Claims relating to Odour and air pollution

Claims relating to unpleasant odours and air quality/air pollution generally can arise in a variety of settings. Legal remedies include civil nuisance and statutory nuisance and the planning and permitting system.

Where there is an odour which is causing unreasonable interference with the use and enjoyment of property, there may be a claim in nuisance (to stop or reduce the odour and/or seek compensation). As with other claims for nuisance, the courts will consider the locality, the purpose of the activity causing the odour, and the frequency and severity of the odour (the extent to which it would affect a person of ordinary sensibility): objectively, is it something you should be expected to put up with? Because of the intangible nature of odour (“the wind was blowing the wrong way”), it can often be hard to obtain reliable evidence of the frequency and severity of the odour. Experts can often address this, as well as proper assessment of air quality impact (“what is actually coming out of the chimney?”).

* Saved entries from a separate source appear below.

theorem lemma18p0p7:
  fixes L \<kappa> :: real and \<phi> :: "real \<Rightarrow> real"
  assumes "L > 0"
    and "\<phi> \<in> borel_measurable haar_T1"
    and "integrable haar_T1 \<phi>"
    and "\<forall>x\<in>T1. \<phi> x > 0"
    and "\<forall>x\<in>T1. exp (- \<kappa>) * (\<integral>g. \<phi> g \<partial>haar_T1) \<le> \<phi> x"
  shows "LP_dist (T1_dist L)
           (density haar_T1 (\<lambda>x. ennreal (\<phi> x)))
           (density haar_T1 (\<lambda>x. ennreal (\<integral>g. \<phi> g \<partial>haar_T1)))
         \<le> \<kappa> * T1_diam L"
proof -
  interpret prob_space haar_T1
    by (rule prob_space_haar_T1)
  define c where "c = (\<integral>g. \<phi> g \<partial>haar_T1)"
  have "0 < c"
    unfolding c_def using assms(3,4) by (intro expectation_greater) (auto simp: space_haar_T1)
  moreover have "exp (- \<kappa>) * c \<le> c"
    unfolding c_def using assms(3,5) by (intro integral_ge_const AE_I2) (auto simp: space_haar_T1)
  ultimately have "0 \<le> \<kappa>"
    by simp
  have "LP_dist (T1_dist L) (density haar_T1 (\<lambda>x. ennreal (\<phi> x)))
      (density haar_T1 (\<lambda>x. ennreal c)) \<le> \<kappa> * L / 2"
  proof (rule LP_dist_le)
    fix \<epsilon> A assume "\<kappa> * L / 2 < \<epsilon>" "A \<in> sets (density haar_T1 (\<lambda>x. ennreal (\<phi> x)))"
    then show "emeasure (density haar_T1 (\<lambda>x. ennreal (\<phi> x))) A
        \<le> emeasure (density haar_T1 (\<lambda>x. ennreal c))
            {x \<in> space (density haar_T1 (\<lambda>x. ennreal c)). \<exists>a\<in>A. T1_dist L x a < \<epsilon>}"
      unfolding space_density space_haar_T1 using assms \<open>0 \<le> \<kappa>\<close>
      by (intro emeasure_density_le_neighbourhood) (auto simp: c_def less_imp_le)
  qed (use \<open>0 \<le> \<kappa>\<close> assms(1) in simp)
  then show ?thesis
    using assms(1) by (simp add: T1_diam_eq c_def)
qed

end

Claims may be taken in civil or statutory nuisance. Availability of the latter may depend on whether the odour nuisance arises on industrial, trade or business premises and whether it is the result of fumes or gases, and “prejudicial to health”. Odour nuisance may result from some process controlled by a local authority and/or a permit, which can be enforced against. Or the local authority can act under its own statutory nuisance powers to require the nuisance to be abated.

Similarly, potential increases in odour/air pollution can be addressed in the planning process (for example where a development will lead to increases in odour or other air pollutants, or increased traffic will lead to changes in air quality).